Shipping giant Maersk had a single system in the Ukraine which became infected, and it ripped through their entire global infrastructure, thousands of systems. It wiped out all the data and programs on these systems running over a dozen shipping ports worldwide. This impacted 10s of thousands of trucks that were dropping off and picking up goods at these ports. Dozens of enormous container ships had NO record of what was on them. In the end, Maersk has spent upwards of $300M to get back online and has still not recovered some data vital to their operations, data which may be forever lost. Maersk has estimated its damage as a result of this event at nearly $10B. Pharma giant Merck was also impacted by losses estimated at $700M. Finally, Mondelez International, which owns Cadbury, Nabisco, Nestle, Hershey, Mars, and Kraft Heinz, have determined their damages at $100M.
Now all the above is data loss, not physical equipment destruction. It has long been known that hacking industrial control systems like those that manage our electrical grid, gas pipelines, petroleum refineries, water, and waste treatment systems are also a possibility. In 2010 Stuxnet was discovered to be running on Iranian systems.

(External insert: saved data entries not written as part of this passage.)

(* Let $\mathbb{K}$ be a field of characteristic zero, $\mathbb{F}$ an algebraic closure of $\mathbb{K}$, and $\alpha\in\mathbb{F}$ algebraic of degree $n$ over $\mathbb{K}$. Let $\psi(t)\in \mathbb{K}(\alpha)(t)^m$ be a proper parametrization of a rational curve $\mathcal{C}\subseteq\mathbb{F}^m$, and assume that $\mathcal{C}$ is defined over $\mathbb{K}$. Let $\phi=(\phi_0,\ldots,\phi_{n-1})$ be the standard parametrization of the hypercircle $\mathcal{U}$ associated to $\psi$. Let $\sigma$ be a $\mathbb{K}$-automorphism of $\mathbb{F}$, let $\phi^{\sigma}$, $\psi^{\sigma}$ be the conjugate parametrizations, and let $u_{\sigma}(t)=(\phi^{\sigma})^{-1}\circ\phi=\sum_{i=0}^{n-1}\sigma(\alpha)^i\phi_i(t)$ be the conjugation isomorphism induced by $\mathcal{U}$ between the pencils of hyperplanes $\{\sum_{i}\alpha^ix_i=t\}$ and $\{\sum_i\sigma(\alpha)^ix_i=t\}$. Then $u_{\sigma}=(\psi^{\sigma})^{-1}\circ\psi$ (as rational maps), i.e. $\psi(t)=\psi^{\sigma}(u_\sigma(t))$.
   Context: A parametrization $\psi$ of $\mathcal{C}$ is proper if it is birational onto $\mathcal{C}$. A curve is defined over a subfield $\mathbb{L}$ if it is the zero set of polynomials with coefficients in $\mathbb{L}$. For a $\mathbb{K}$-automorphism $\sigma$ of $\mathbb{F}$ and a rational function $f$ with coefficients in $\mathbb{F}$, $f^{\sigma}$ denotes the function obtained by applying $\sigma$ to the coefficients of $f$ (componentwise for tuples). Hypercircle associated to $\psi=(\psi_1,\dots,\psi_m)$: substitute $t=\sum_{i=0}^{n-1}\alpha^it_i$ with new variables $t_0,\dots,t_{n-1}$ and write $\psi_j(\sum_i\alpha^it_i)=\sum_{i=0}^{n-1}\alpha^i F_{ij}/D$ with $F_{ij},D\in\mathbb{K}[t_0,\dots,t_{n-1}]$; let $\mathcal{Z}\subseteq\mathbb{F}^n$ be the Zariski closure of $\{F_{ij}=0,\ 1\le i\le n-1,\ 1\le j\le m\}\setminus\{D=0\}$. When $\mathcal{C}$ is defined over $\mathbb{K}$, $\mathcal{Z}$ has exactly one irreducible component of dimension $1$, the hypercircle $\mathcal{U}$; it is a rational curve parametrized by the pencil of hyperplanes $\{\sum_{i=0}^{n-1}\alpha^ix_i=t\}$, and the resulting proper parametrization $\phi=(\phi_0,\dots,\phi_{n-1})\in\mathbb{K}(\alpha)(t)^n$, characterized by $\sum_{i=0}^{n-1}\alpha^i\phi_i(t)=t$, is called the standard parametrization of $\mathcal{U}$; the inverse of $\phi^\sigma$ is $(x_0,\dots,x_{n-1})\mapsto\sum_i\sigma(\alpha)^ix_i$. *)

theory Defs
  imports "HOL-Computational_Algebra.Polynomial"
begin

definition is_subfield :: "'a::field set \<Rightarrow> bool" where
  "is_subfield K \<longleftrightarrow> 0 \<in> K \<and> 1 \<in> K \<and>
     (\<forall>x\<in>K. \<forall>y\<in>K. x + y \<in> K \<and> x - y \<in> K \<and> x * y \<in> K) \<and>
     (\<forall>x\<in>K. inverse x \<in> K)"

definition poly_over :: "'a::field set \<Rightarrow> 'a poly \<Rightarrow> bool" where
  "poly_over K p \<longleftrightarrow> set (coeffs p) \<subseteq> K"

definition is_algebraic_closure_of :: "'a::field set \<Rightarrow> bool" where
  "is_algebraic_closure_of K \<longleftrightarrow> is_subfield K \<and>
     (\<forall>p::'a poly. degree p > 0 \<longrightarrow> (\<exists>x. poly p x = 0)) \<and>
     (\<forall>x::'a. \<exists>p. p \<noteq> 0 \<and> poly_over K p \<and> poly p x = 0)"

definition alg_degree :: "'a::field set \<Rightarrow> 'a \<Rightarrow> nat \<Rightarrow> bool" where
  "alg_degree K \<alpha> n \<longleftrightarrow>
     (\<exists>p. p \<noteq> 0 \<and> poly_over K p \<and> poly p \<alpha> = 0 \<and> degree p = n) \<and>
     (\<forall>q. q \<noteq> 0 \<and> poly_over K q \<and> poly q \<alpha> = 0 \<longrightarrow> n \<le> degree q)"

definition adjoin :: "'a::field set \<Rightarrow> 'a \<Rightarrow> 'a set" where
  "adjoin K \<alpha> = \<Inter>{L. is_subfield L \<and> K \<subseteq> L \<and> \<alpha> \<in> L}"

definition is_K_automorphism :: "'a::field set \<Rightarrow> ('a \<Rightarrow> 'a) \<Rightarrow> bool" where
  "is_K_automorphism K \<sigma> \<longleftrightarrow> bij \<sigma> \<and>
     (\<forall>x y. \<sigma> (x + y) = \<sigma> x + \<sigma> y \<and> \<sigma> (x * y) = \<sigma> x * \<sigma> y) \<and>
     (\<forall>c\<in>K. \<sigma> c = c)"

text \<open>Points of F^n are represented as functions nat => 'a vanishing from index n on.\<close>
definition affine :: "nat \<Rightarrow> (nat \<Rightarrow> 'a::zero) set" where
  "affine n = {x. \<forall>i\<ge>n. x i = 0}"

text \<open>Polynomial functions in the variables x_0..x_{n-1} with coefficients in S
  (over the infinite field F these are the same as polynomials).\<close>
inductive_set poly_funs :: "'a::field set \<Rightarrow> nat \<Rightarrow> ((nat \<Rightarrow> 'a) \<Rightarrow> 'a) set"
  for S :: "'a set" and n :: nat where
  pf_const: "c \<in> S \<Longrightarrow> (\<lambda>x. c) \<in> poly_funs S n"
| pf_var: "i < n \<Longrightarrow> (\<lambda>x. x i) \<in> poly_funs S n"
| pf_add: "f \<in> poly_funs S n \<Longrightarrow> g \<in> poly_funs S n \<Longrightarrow> (\<lambda>x. f x + g x) \<in> poly_funs S n"
| pf_mult: "f \<in> poly_funs S n \<Longrightarrow> g \<in> poly_funs S n \<Longrightarrow> (\<lambda>x. f x * g x) \<in> poly_funs S n"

It is believed that this code was in place for several years on systems that were built to manage Uranium refinement for weapons production. It has been proven that Stuxnet would report valid centrifuge speeds to monitoring systems and operators while covertly wildly fluctuating the speed of these same centrifuges. The result would be the permanent destruction of these costly centrifuges. It was estimated that Stuxnet slowed down Iranian nuclear weapons development by five or more years. It wasn’t until 2012 that the US and Israel eventually took credit for this malware attack.
In parallel on August fifth of 2008, it is believed that Fancy Bear launched a cyber attack on Georgian servers that were managing the Baku–Tbilisi–Ceyhan pipeline. It has been confirmed that alarms had been suppressed, the system operators were then blinded, and the pipeline was intentionally over-pressurized, resulting in an explosion. This took the pipeline offline for 18 days.

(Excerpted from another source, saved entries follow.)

(* For every $n\in\mathbb{N}$ and every admissible $\Theta$: if $p$ is a projector over $A(\mathbb{R}^{2n}_\Theta)$, then all entries of $p$ are scalar multiples of the identity (i.e. $p$ is a projector over $\mathbb{C}$), and hence $K_0(A(\mathbb{R}^{2n}_\Theta))=K_0(\mathbb{C})\cong\mathbb{Z}$.
   Context: Let $\Theta=(\theta_{pq})_{1\leq p,q\leq 2n}$ be a real skew-symmetric matrix with $\theta_{2m-1,2m}=-\theta_{2m,2m-1}>0$ for $m=1,\dots,n$ and all other entries $0$. $A(\mathbb{R}^{2n}_\Theta)$ is the unital $*$-algebra generated by self-adjoint $x_1,\dots,x_{2n}$ with $[x_p,x_q]=-i\theta_{pq}$; every element is a finite sum $\sum a_{p_1,\dots,p_{2n}}x_1^{p_1}\cdots x_{2n}^{p_{2n}}$ with linearly independent ordered monomials. A projector over a $*$-algebra $A$ is a square matrix $p$ over $A$ with $p^2=p=p^*$; projectors $p,q$ are equivalent if $\mathrm{diag}(p,0)=u\,\mathrm{diag}(q,0)\,u^*$ for some unitary matrix $u$ over $A$; $K_0(A)$ is the Grothendieck group of equivalence classes under $p+q:=\mathrm{diag}(p,q)$. *)

theory Defs
  imports Complex_Main "HOL-Library.Function_Algebras"
begin

text \<open>Elements of A(R^{2n}_Theta): coefficient functions on multi-indices
  (alpha i = exponent of the generator x_{i+1}, 0-based), finitely supported,
  and only involving the generators x_1..x_{2n}. The function represents
  sum alpha. f alpha * x_1^{alpha 0} ... x_{2n}^{alpha (2n-1)} (ordered monomials).
  The admissible Theta is encoded by theta m = theta_{2m+1,2m+2} > 0 (m < n).\<close>

type_synonym elem = "(nat \<Rightarrow> nat) \<Rightarrow> complex"
type_synonym mat = "nat \<times> (nat \<Rightarrow> nat \<Rightarrow> elem)"

definition Aelem :: "nat \<Rightarrow> elem \<Rightarrow> bool" where
  "Aelem n f \<longleftrightarrow> finite {\<alpha>. f \<alpha> \<noteq> 0} \<and> (\<forall>\<alpha>. f \<alpha> \<noteq> 0 \<longrightarrow> (\<forall>i\<ge>2*n. \<alpha> i = 0))"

Iran, like Russia, China, and North Korea, has a sophisticated special forces cyber weapons and operations program. Their two primary hacking groups are known as Helix Kitten and Static Kitten. According to the Crowdstrike “2019 Global Threat Report,” it is believed that Iran is responsible for launching the Shamoon wiper against oil and gas companies in Saudi Arabia. They often use spear-phishing campaigns. Another malware Iran has utilized is called MuddyWater, which relies on enabling macros within email attachments. Again these targets are often middle east focused while both Kittens have not yet moved beyond wipers. It should be expected that they will turn their sights on the US, given recent actions and comments by our current administration.
So what can we expect in the coming months? At this point, nothing is off the table. Everything that is automated and not air-gapped from the Internet is potentially vulnerable. Furthermore, the US President confirmed Sunday night that the US administration had identified Iranian cultural targets as significant. Iran will likely do the same.